Повести моей жизни. Том 2 | страница 170
Но к вечеру и он получил такое же предупреждение. Очень взволновавшись этим, он тотчас же порвал все мои тетради и выбросил их в сточную трубу своего «клуба».
Так произошло четвертое полное истребление всех моих научных работ. Первое, как это видно из моего рассказа «В начале жизни», было произведено матерью моего товарища по гимназии, Мокрицкого, в ожидании обыска; второе, сравнительно малое, — моим отцом после моего второго ареста; третье — курсистками, не хотевшими отдать мои тетради нагрянувшим к ним жандармам.
Но и недавним четвертым уничтожением не ограничилось для меня дело истребления моих темничных научных трудов, так как даже и той пачке, которую я собирался теперь выносить на свободу, назначено было судьбою погибнуть через два месяца в огне у моих друзей в редакции журнала «Знание» в ожидании все той же самой беды — жандармского обыска.
Мудрено ли после этого, что с тех пор и до настоящего времени я не смотрю ни на какую, даже самую научнейшую из своих работ, как на действительно сделанную, пока она не напечатана и не избавилась этим путем от гибели!
Но я не предвидел тогда своего нового несчастья и потому заботливо сберегал свою пачку как свое единственное имущество, кроме оставшегося в голове, с которым я должен был уйти отсюда...
По взволнованным возгласам уходящих мы выписывали имя каждого и насчитали уже много десятков.

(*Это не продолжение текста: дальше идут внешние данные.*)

(* L_e(1) x \<diamond> L_e(2) = L_g(1) \<diamond> L_g(2) S(x) *)
lemma integral_transfer:
  assumes g: "g \<in> Mor"
  shows "act [] (HMult (idsrc g) g) [idsrc g] (act [idsrc g] (HBr [idsrc g] [g]) []
           (act [] (HDelta (idsrc g)) [g] (act [] (Hint (idsrc g)) [g] X))) =
         act [g] (HMult g (ginv G g)) [] (act [g, g] (HS g) [] (act [] (HDelta g) [g] (act [] (Hint g) [g] X)))"
proof -
  let ?e = "idsrc g" and ?b = "ginv G g"
  have "act [] (HMult ?e g) [?e] (act [?e] (HBr [?e] [g]) [] (act [] (HDelta ?e) [g]
      (act [] (Hint ?e) [g] X))) =
      act [] (HMult ?e g) [?e] (act [?e] (HBr [?e] [g]) [] (act [] (HDelta ?e) [g] (act [] (Hint ?e) [g]
      (act [g] (HEps g) [] (act [] (HDelta g) [] X)))))"
    using g act_counit_right[of g "[]" "[]"] by (simp add: act_HId_right)
  also have "\<dots> = act [] (HMult ?e g) [?e] (act [?e, g, ?e] (HEps g) []
      (act [?e] (HBr [?e] [g]) [g] (act [] (HDelta ?e) [g, g] (act [] (Hint ?e) [g, g]
      (act [] (HDelta g) [] X)))))"
    using g act_commute[of "Hint ?e" "HEps g" "[]" "[g]" "[]"]
      act_commute[of "HDelta ?e" "HEps g" "[]" "[g]" "[]"]
      act_commute[of "HBr [?e] [g]" "HEps g" "[?e]" "[]" "[]"] by simp
  also have "\<dots> = act [] (HMult ?e g) [?e] (act [?e, g] (HMult ?e ?e) []
      (act [?e, g, ?e] (HMult g ?b) [] (act [?e, g, ?e, g] (HS g) [] (act [?e, g, ?e] (HDelta g) []
      (act [?e] (HBr [?e] [g]) [g] (act [] (HDelta ?e) [g, g] (act [] (Hint ?e) [g, g]
      (act [] (HDelta g) [] X))))))))"
    using g act_antipode_right[of g "[?e, g, ?e]" "[]"] act_unit_right[of ?e "[?e, g]" "[]"]
    by (simp add: act_HId_left)
  also have "\<dots> = act [] (HMult ?e g) [?e] (act [?e, g] (HMult g ?b) []
      (act [?e, g] (HMult ?e g) [?b] (act [?e, g, ?e, g] (HS g) [] (act [?e, g, ?e] (HDelta g) []
      (act [?e] (HBr [?e] [g]) [g] (act [] (HDelta ?e) [g, g] (act [] (Hint ?e) [g, g]
      (act [] (HDelta g) [] X))))))))"
    using g act_massoc[of ?e g ?b "[?e, g]" "[]"] by simp
  also have "\<dots> = act [] (HMult ?e g) [?e] (act [?e, g] (HMult g ?b) []
      (act [?e, g] (HMult ?e g) [?b] (act [?e, g, ?e, g] (HS g) [] (act [?e] (HBr [?e] [g]) [g, g]
      (act [] (HDelta ?e) [g, g, g] (act [] (Hint ?e) [g, g, g] (act [] (HDelta g) [g]
      (act [] (HDelta g) [] X))))))))"
    using g act_commute[of "HBr [?e] [g]" "HDelta g" "[?e]" "[]" "[]", symmetric]
      act_commute[of "HDelta ?e" "HDelta g" "[]" "[g]" "[]", symmetric]
      act_commute[of "Hint ?e" "HDelta g" "[]" "[g]" "[]", symmetric] act_coassoc[of g "[]" "[]", symmetric]
    by simp
  also have "\<dots> = act [g] (HMult g ?b) [] (act [] (HMult ?e g) [g, ?b]
      (act [?e, g] (HMult ?e g) [?b] (act [?e, g, ?e, g] (HS g) [] (act [?e] (HBr [?e] [g]) [g, g]
      (act [] (HDelta ?e) [g, g, g] (act [] (Hint ?e) [g, g, g] (act [] (HDelta g) [g]
      (act [] (HDelta g) [] X))))))))"
    using g act_commute[of "HMult ?e g" "HMult g ?b" "[]" "[]" "[]"] by simp
  also have "\<dots> = act [g] (HMult g ?b) [] (act [] (HMult ?e g) [g, ?b]
      (act [?e, g] (HMult ?e g) [?b] (act [?e] (HBr [?e] [g]) [g, ?b] (act [] (HDelta ?e) [g, g, ?b]
      (act [] (Hint ?e) [g, g, ?b] (act [] (HDelta g) [?b] (act [g] (HS g) []
      (act [] (HDelta g) [] X))))))))"
    using g act_commute[of "HBr [?e] [g]" "HS g" "[?e]" "[g]" "[]", symmetric]
      act_commute[of "HDelta ?e" "HS g" "[]" "[g, g]" "[]", symmetric]
      act_commute[of "Hint ?e" "HS g" "[]" "[g, g]" "[]", symmetric]
      act_commute[of "HDelta g" "HS g" "[]" "[]" "[]", symmetric] by simp
  also have "\<dots> = act [g] (HMult g ?b) [] (act [] (HMult ?e g) [g, ?b]
      (act [?e, g] (HMult ?e g) [?b] (act [?e] (HBr [?e] [g]) [g, ?b] (act [] (HDelta ?e) [g, g, ?b]
      (act [?e] (HDelta g) [?b] (act [] (Hint ?e) [g, ?b] (act [g] (HS g) []
      (act [] (HDelta g) [] X))))))))"
    using g act_commute[of "Hint ?e" "HDelta g" "[]" "[]" "[?b]"] by simp
  also have "\<dots> = act [g] (HMult g ?b) [] (act [] (HDelta g) [?b] (act [] (HMult ?e g) [?b]
      (act [] (Hint ?e) [g, ?b] (act [g] (HS g) [] (act [] (HDelta g) [] X)))))"
    using g act_bialg_delta_mult[of ?e g "[]" "[?b]"] by simp
  also have "\<dots> = act [g] (HMult g ?b) [] (act [] (HDelta g) [?b] (act [] (Hint g) [?b]
      (act [] (HEps g) [?b] (act [g] (HS g) [] (act [] (HDelta g) [] X)))))"
    using g act_integral[of ?e g "[]" "[?b]"] by simp
  also have "\<dots> = act [g] (HMult g ?b) [] (act [] (HDelta g) [?b] (act [] (Hint g) [?b]
      (act [] (HS g) [] X)))"
    using g act_commute[of "HEps g" "HS g" "[]" "[]" "[]"] act_counit_left[of g "[]" "[]"]
    by (simp add: act_HId_right)
  also have "\<dots> = act [g] (HMult g ?b) [] (act [g, g] (HS g) [] (act [] (HDelta g) [g]
      (act [] (Hint g) [g] X)))"
    using g act_commute[of "Hint g" "HS g" "[]" "[]" "[]"] act_commute[of "HDelta g" "HS g" "[]" "[]" "[]"]
    by simp
  finally show ?thesis .
qed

Уведены наконец были почти все, кому полагалось. Оставался как будто только я.
Но что же это случилось?
К восьми часам вечера хлопанье дверей прекратилось, и начальство ушло из коридоров. Все снова затихло в темнице.
Мой единственный, оставшийся по другому делу, соклубник сильно взволновался за меня. Сильным стуком по решетке он дал сигнал всем оставленным в темнице лезть на свои окна и сообщил о моем исключении из числа уведенных.
И вот в таком же положении оказались еще три человека...
— Почему это? — задавали себе вопрос редкие оставшиеся теперь в Доме предварительного заключения товарищи.
— Может быть, потому, что меня посадили особым порядком, по особому высочайшему повелению, с запрещением отдавать на поруки до приговора? — заметил я.
— Но ведь приговор уже произнесен! — возражали мне. — И, кроме того, почему же еще остались три человека, относительно которых не было особых распоряжений?
Никто не мог на это ответить.
Взволнованный и уже решивший, что меня совсем не выпустят, я долго ходил в эту ночь по своей камере. Горько было оказаться здесь снова, без соседей, к которым успел привыкнуть. Но я все же чувствовал облегчение, что разделяю участь нескольких оставленных для Сибири. Мне трудно было разобраться в своих беспокойных и разноречивых ощущениях, заставлявших сильно биться мое сердце.